On 2015-12-09 22:20, Tom Ellis wrote:
while learning about all the type classes and their relationships I came across something I found weird. If I understand it correctly, banana brackets where originally developed for Applicatives. The intent was to enable us to write something like I don't think Arrow banana brackets are related to these Applicative (or "Idiom") brackets.

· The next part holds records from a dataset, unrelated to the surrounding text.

(* For every integer $c\ge 1$, the functor $G\mapsto G/\Gamma_{c+1}(G)$ on groups is conditionally flat. In other words, if $1\to K\to G\to Q\to 1$ is an extension such that $1\to K/\Gamma_{c+1}K\to G/\Gamma_{c+1}G\to Q/\Gamma_{c+1}Q\to 1$ is again a short exact sequence, then for every homomorphism $X\to Q$ the pullback extension $1\to K\to G\times_Q X\to X\to 1$ has the same property.
   Context: The lower central series of a group $G$ is $\Gamma_1(G)=G$, $\Gamma_{i+1}(G)=[\Gamma_i(G),G]$; so $G/\Gamma_{c+1}(G)$ is the largest quotient of $G$ that is nilpotent of class at most $c$ (for $c=1$ this is the abelianization). A functor $L$ on groups is conditionally flat if for every extension $1\to N\to E\to Q\to 1$ such that $1\to LN\to LE\to LQ\to 1$ is short exact, and every homomorphism $Q'\to Q$, the pullback extension $1\to N\to E\times_Q Q'\to Q'\to 1$ also becomes short exact after applying $L$. *)

theory Defs
  imports "HOL-Algebra.Algebra"
begin

text \<open>Lower central series, indexed as in the paper: lcs G 1 = carrier G,
  lcs G (i+1) = [lcs G i, G] (subgroup generated by the commutators).
  We set lcs G 0 = carrier G as a harmless convention.\<close>
fun lcs :: "('a, 'm) monoid_scheme \<Rightarrow> nat \<Rightarrow> 'a set" where
  "lcs G 0 = carrier G"
| "lcs G (Suc 0) = carrier G"
| "lcs G (Suc (Suc i)) = generate G
     {x \<otimes>\<^bsub>G\<^esub> y \<otimes>\<^bsub>G\<^esub> inv\<^bsub>G\<^esub> x \<otimes>\<^bsub>G\<^esub> inv\<^bsub>G\<^esub> y | x y.
        x \<in> lcs G (Suc i) \<and> y \<in> carrier G}"

definition nilq :: "nat \<Rightarrow> ('a, 'm) monoid_scheme \<Rightarrow> 'a set monoid" where
  "nilq c G = G Mod (lcs G (Suc c))"

definition nilq_map :: "nat \<Rightarrow> ('a, 'm) monoid_scheme \<Rightarrow> ('b, 'n) monoid_scheme
    \<Rightarrow> ('a \<Rightarrow> 'b) \<Rightarrow> 'a set \<Rightarrow> 'b set" where
  "nilq_map c G H f = (\<lambda>C. \<Union>x\<in>C. lcs H (Suc c) #>\<^bsub>H\<^esub> f x)"

definition short_exact ::
  "('a, 'm) monoid_scheme \<Rightarrow> ('b, 'n) monoid_scheme \<Rightarrow> ('c, 'o) monoid_scheme
    \<Rightarrow> ('a \<Rightarrow> 'b) \<Rightarrow> ('b \<Rightarrow> 'c) \<Rightarrow> bool" where
  "short_exact N E Q \<iota> p \<longleftrightarrow> group N \<and> group E \<and> group Q \<and>
     \<iota> \<in> mon N E \<and> p \<in> epi E Q \<and> \<iota> ` carrier N = kernel E Q p"

definition pullback ::
  "('b, 'n) monoid_scheme \<Rightarrow> ('d, 'p) monoid_scheme \<Rightarrow> ('b \<Rightarrow> 'c) \<Rightarrow> ('d \<Rightarrow> 'c)
    \<Rightarrow> ('b \<times> 'd) monoid" where
  "pullback E Y p f = (DirProd E Y)\<lparr>carrier := {(e, x). e \<in> carrier E \<and> x \<in> carrier Y \<and> p e = f x}\<rparr>"

end

theory Submission
  imports Defs
begin

text \<open>A surjective homomorphism \<open>G \<rightarrow> H\<close> maps \<open>\<Gamma>\<^sub>k(G)\<close> onto \<open>\<Gamma>\<^sub>k(H)\<close>, so the functor
  \<open>L\<^sub>c = G \<mapsto> G/\<Gamma>\<^sub>c\<^sub>+\<^sub>1(G)\<close> is right exact: it turns an exact sequence \<open>N \<rightarrow> G \<rightarrow> H \<rightarrow> 1\<close>
  into an exact sequence. The pullback of a short exact sequence along \<open>Y \<rightarrow> Q\<close> is again short
  exact, so after applying \<open>L\<^sub>c\<close> only injectivity of \<open>L\<^sub>c N \<rightarrow> L\<^sub>c(E \<times>\<^sub>Q Y)\<close> is in question.
  Composed with \<open>L\<^sub>c\<close> of the projection to \<open>E\<close>, this map becomes the map \<open>L\<^sub>c N \<rightarrow> L\<^sub>c E\<close>,
  which is injective by hypothesis.\<close>

definition commutator_set :: "('a, 'm) monoid_scheme \<Rightarrow> 'a set \<Rightarrow> 'a set \<Rightarrow> 'a set" where
  "commutator_set G A B =
     {x \<otimes>\<^bsub>G\<^esub> y \<otimes>\<^bsub>G\<^esub> inv\<^bsub>G\<^esub> x \<otimes>\<^bsub>G\<^esub> inv\<^bsub>G\<^esub> y | x y. x \<in> A \<and> y \<in> B}"

lemma lcs_Suc_Suc:
  "lcs G (Suc (Suc k)) = generate G (commutator_set G (lcs G (Suc k)) (carrier G))"
  by (simp add: commutator_set_def)

lemma commutator_set_mono:
  "A \<subseteq> A' \<Longrightarrow> B \<subseteq> B' \<Longrightarrow> commutator_set G A B \<subseteq> commutator_set G A' B'"
  unfolding commutator_set_def by blast

lemma (in group) commutator_set_in_carrier:
  "A \<subseteq> carrier G \<Longrightarrow> B \<subseteq> carrier G \<Longrightarrow> commutator_set G A B \<subseteq> carrier G"
  unfolding commutator_set_def by blast

lemma (in group_hom) commutator_set_img:
  assumes "A \<subseteq> carrier G" "B \<subseteq> carrier G"
  shows "commutator_set H (h ` A) (h ` B) = h ` commutator_set G A B"
proof -
  have "h (x \<otimes> y \<otimes> inv x \<otimes> inv y) = h x \<otimes>\<^bsub>H\<^esub> h y \<otimes>\<^bsub>H\<^esub> inv\<^bsub>H\<^esub> h x \<otimes>\<^bsub>H\<^esub> inv\<^bsub>H\<^esub> h y"
    if "x \<in> A" "y \<in> B" for x y
    using that assms by (simp add: subset_iff)
  then show ?thesis
    unfolding commutator_set_def by (auto simp: image_iff) metis+
qed

lemma (in group) conjugation_group_hom:
  assumes "g \<in> carrier G" shows "group_hom G G (\<lambda>x. g \<otimes> x \<otimes> inv g)"
proof -
  have "g \<otimes> (x \<otimes> y) \<otimes> inv g = g \<otimes> x \<otimes> inv g \<otimes> (g \<otimes> y \<otimes> inv g)"
    if "x \<in> carrier G" "y \<in> carrier G" for x y
    using that assms by (simp add: m_assoc) (simp add: m_assoc[symmetric])
  then show ?thesis
    using assms by unfold_locales (auto intro!: homI)
qed

lemma (in group) lcs_Suc_normal: "lcs G (Suc k) \<lhd> G"
proof (induction k)
  case 0
  show ?case by (simp add: normal_self)
next
  case (Suc k)
  then interpret \<Gamma>: normal "lcs G (Suc k)" G .
  let ?S = "commutator_set G (lcs G (Suc k)) (carrier G)"
  have S_carrier: "?S \<subseteq> carrier G"
    using commutator_set_in_carrier \<Gamma>.subset by blast
  have "g \<otimes> s \<otimes> inv g \<in> ?S" if "s \<in> ?S" "g \<in> carrier G" for s g
  proof -
    let ?conj = "\<lambda>x. g \<otimes> x \<otimes> inv g"
    interpret conj: group_hom G G ?conj using conjugation_group_hom \<open>g \<in> carrier G\<close> .
    have "?conj ` ?S = commutator_set G (?conj ` lcs G (Suc k)) (?conj ` carrier G)"
      using conj.commutator_set_img[OF \<Gamma>.subset subset_refl] by simp
    also have "\<dots> \<subseteq> ?S"
      using \<Gamma>.inv_op_closed2 \<open>g \<in> carrier G\<close> by (intro commutator_set_mono) auto
    finally show ?thesis using \<open>s \<in> ?S\<close> by blast
  qed
  then show ?case
    unfolding lcs_Suc_Suc by (rule normal_generateI[OF S_carrier])
qed

lemma (in group) lcs_normal: "lcs G k \<lhd> G"
  using lcs_Suc_normal[of 0] lcs_Suc_normal by (cases k) simp_all

lemma (in group) lcs_subgroup: "subgroup (lcs G k) G"
  using lcs_normal normal_imp_subgroup by blast

lemma (in group_hom) lcs_img_subset: "h ` lcs G (Suc k) \<subseteq> lcs H (Suc k)"
proof (induction k)
  case 0
  show ?case by auto
next
  case (Suc k)
  have "h ` lcs G (Suc (Suc k)) = generate H (commutator_set H (h ` lcs G (Suc k)) (h ` carrier G))"
    unfolding lcs_Suc_Suc using G.lcs_subgroup[THEN subgroup.subset]
    by (simp del: lcs.simps add: commutator_set_img[symmetric] generate_img[symmetric] G.commutator_set_in_carrier)
  also have "\<dots> \<subseteq> lcs H (Suc (Suc k))"
    unfolding lcs_Suc_Suc
    using Suc.IH by (intro H.mono_generate commutator_set_mono) auto
  finally show ?case .
qed

lemma (in group_hom) lcs_img_surj:
  assumes "h ` carrier G = carrier H" shows "h ` lcs G (Suc k) = lcs H (Suc k)"
proof (induction k)
  case 0
  show ?case using assms by simp
next
  case (Suc k)
  show ?case
    unfolding lcs_Suc_Suc using G.lcs_subgroup[THEN subgroup.subset] Suc.IH assms
    by (simp del: lcs.simps add: commutator_set_img[symmetric] generate_img[symmetric] G.commutator_set_in_carrier)
qed

lemma nilq_carrier: "carrier (nilq c G) = (\<lambda>x. lcs G (Suc c) #>\<^bsub>G\<^esub> x) ` carrier G"
  unfolding nilq_def by (simp add: carrier_FactGroup)

lemma nilq_one: "\<one>\<^bsub>nilq c G\<^esub> = lcs G (Suc c)"
  unfolding nilq_def by simp

lemma (in group) nilq_group: "group (nilq c G)"
  unfolding nilq_def using lcs_normal normal.factorgroup_is_group by blast

lemma (in group) nilq_mult:
  assumes "x \<in> carrier G" "y \<in> carrier G"
  shows "(lcs G (Suc c) #> x) \<otimes>\<^bsub>nilq c G\<^esub> (lcs G (Suc c) #> y) = lcs G (Suc c) #> (x \<otimes> y)"
  unfolding nilq_def using normal.rcos_sum[OF lcs_normal] assms by simp

lemma (in group_hom) nilq_map_coset:
  assumes "g \<in> carrier G"
  shows "nilq_map c G H h (lcs G (Suc c) #> g) = lcs H (Suc c) #>\<^bsub>H\<^esub> h g"
proof -
  let ?\<Gamma>G = "lcs G (Suc c)" and ?\<Gamma>H = "lcs H (Suc c)"
  have "?\<Gamma>H #>\<^bsub>H\<^esub> h x = ?\<Gamma>H #>\<^bsub>H\<^esub> h g" if x: "x \<in> ?\<Gamma>G #> g" for x
  proof -
    obtain a where a: "a \<in> ?\<Gamma>G" "x = a \<otimes> g"
      using x unfolding r_coset_def by blast
    have "a \<in> carrier G"
      using a(1) G.lcs_subgroup subgroup.subset by blast
    then have "h x = h a \<otimes>\<^bsub>H\<^esub> h g"
      using a(2) assms by simp
    moreover have "h a \<in> ?\<Gamma>H"
      using a(1) lcs_img_subset by blast
    ultimately have "h x \<in> ?\<Gamma>H #>\<^bsub>H\<^esub> h g"
      using H.lcs_subgroup[THEN subgroup.subset] assms by (simp add: H.rcosI)
    then show ?thesis
      using H.repr_independence H.lcs_subgroup assms by (metis hom_closed)
  qed
  moreover have "?\<Gamma>G #> g \<noteq> {}"
    using G.rcos_self[OF assms G.lcs_subgroup] by blast
  ultimately show ?thesis
    unfolding nilq_map_def by simp
qed

lemma (in group_hom) nilq_map_hom: "nilq_map c G H h \<in> hom (nilq c G) (nilq c H)"
proof (rule homI)
  fix C assume "C \<in> carrier (nilq c G)"
  then obtain g where "g \<in> carrier G" "C = lcs G (Suc c) #> g"
    unfolding nilq_carrier by blast
  then show "nilq_map c G H h C \<in> carrier (nilq c H)"
    by (simp add: nilq_map_coset nilq_carrier)
next
  fix C D assume "C \<in> carrier (nilq c G)" "D \<in> carrier (nilq c G)"
  then obtain g k where "g \<in> carrier G" "C = lcs G (Suc c) #> g"
    and "k \<in> carrier G" "D = lcs G (Suc c) #> k"
    unfolding nilq_carrier by blast
  then show "nilq_map c G H h (C \<otimes>\<^bsub>nilq c G\<^esub> D) =
      nilq_map c G H h C \<otimes>\<^bsub>nilq c H\<^esub> nilq_map c G H h D"
    by (simp add: G.nilq_mult H.nilq_mult nilq_map_coset)
qed

lemma (in group_hom) nilq_map_epi:
  assumes "h ` carrier G = carrier H"
  shows "nilq_map c G H h \<in> epi (nilq c G) (nilq c H)"
proof -
  have "nilq_map c G H h ` carrier (nilq c G) = (\<lambda>g. lcs H (Suc c) #>\<^bsub>H\<^esub> h g) ` carrier G"
    unfolding nilq_carrier image_image by (simp add: nilq_map_coset cong: image_cong)
  also have "\<dots> = carrier (nilq c H)"
    unfolding nilq_carrier assms[symmetric] image_image ..
  finally show ?thesis
    using nilq_map_hom unfolding epi_def by blast
qed

lemma nilq_map_comp:
  assumes "group_hom G H h" "group_hom H K k" "\<And>x. x \<in> carrier G \<Longrightarrow> g x = k (h x)"
    and "C \<in> carrier (nilq c G)"
  shows "nilq_map c G K g C = nilq_map c H K k (nilq_map c G H h C)"
proof -
  interpret h: group_hom G H h by fact
  interpret k: group_hom H K k by fact
  interpret g: group_hom G K g
    using assms(3) h.G.group_axioms k.H.group_axioms
    by (auto intro!: group_hom.intro group_hom_axioms.intro homI)
  obtain x where "x \<in> carrier G" "C = lcs G (Suc c) #>\<^bsub>G\<^esub> x"
    using assms(4) unfolding nilq_carrier by blast
  then show ?thesis
    by (simp add: h.nilq_map_coset k.nilq_map_coset g.nilq_map_coset assms(3))
qed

Let me try to convince you. ;) Actually I have no idea if there is a historical relationship, but there is definitely a semantic one. Consider this: 1) An alternative definition of Applicative is as a monoidal, with the operation comma :: f a -> f b -> f (a,b) "comma" is connected with (<*>) through the Functor superclass. It's typically named (**), but I'll use a prefix version. 2) Every arrow a b c is an applicative (a b) c, because comma = (&&&). Conversely, every applicative that is polymorphic over some "internal" variable is automatically an arrow, through (&&&) = comma. 3) Let's rename (&&&) to "andA". It's trivial to think of "comma" and "andA" as the special versions "comma2" and "andA2" of more general forms commaN and andAn for all natural numbers n. The equivalence of both functions extends naturally for all n. (N.B.: comma0/andA0 and comma1/andA1 are very interesting functions and one of the reasons I left out all the stuff from Pointed/CoPointed/Unit. The other reason is simplification.) 4) An idiom bracket (| f x1 x2 ... xn |) translates very roughly to liftA (uncurryN f) (commaN x1 x2 ... xn) while a banana bracket (| f x1 x2 ... xn |) translates very roughly to liftA' (uncurryN f) (andAn x1 x2 ... xn) And as commaN and andAn are equivalent, the relation should be obvious now. Of course that's a very very rough sketch without any proofs, without looking at the wrappers, and with slightly modified semantics in the first argument. Still, I'm convinced both are (almost) the same. But then I might be overlooking something important...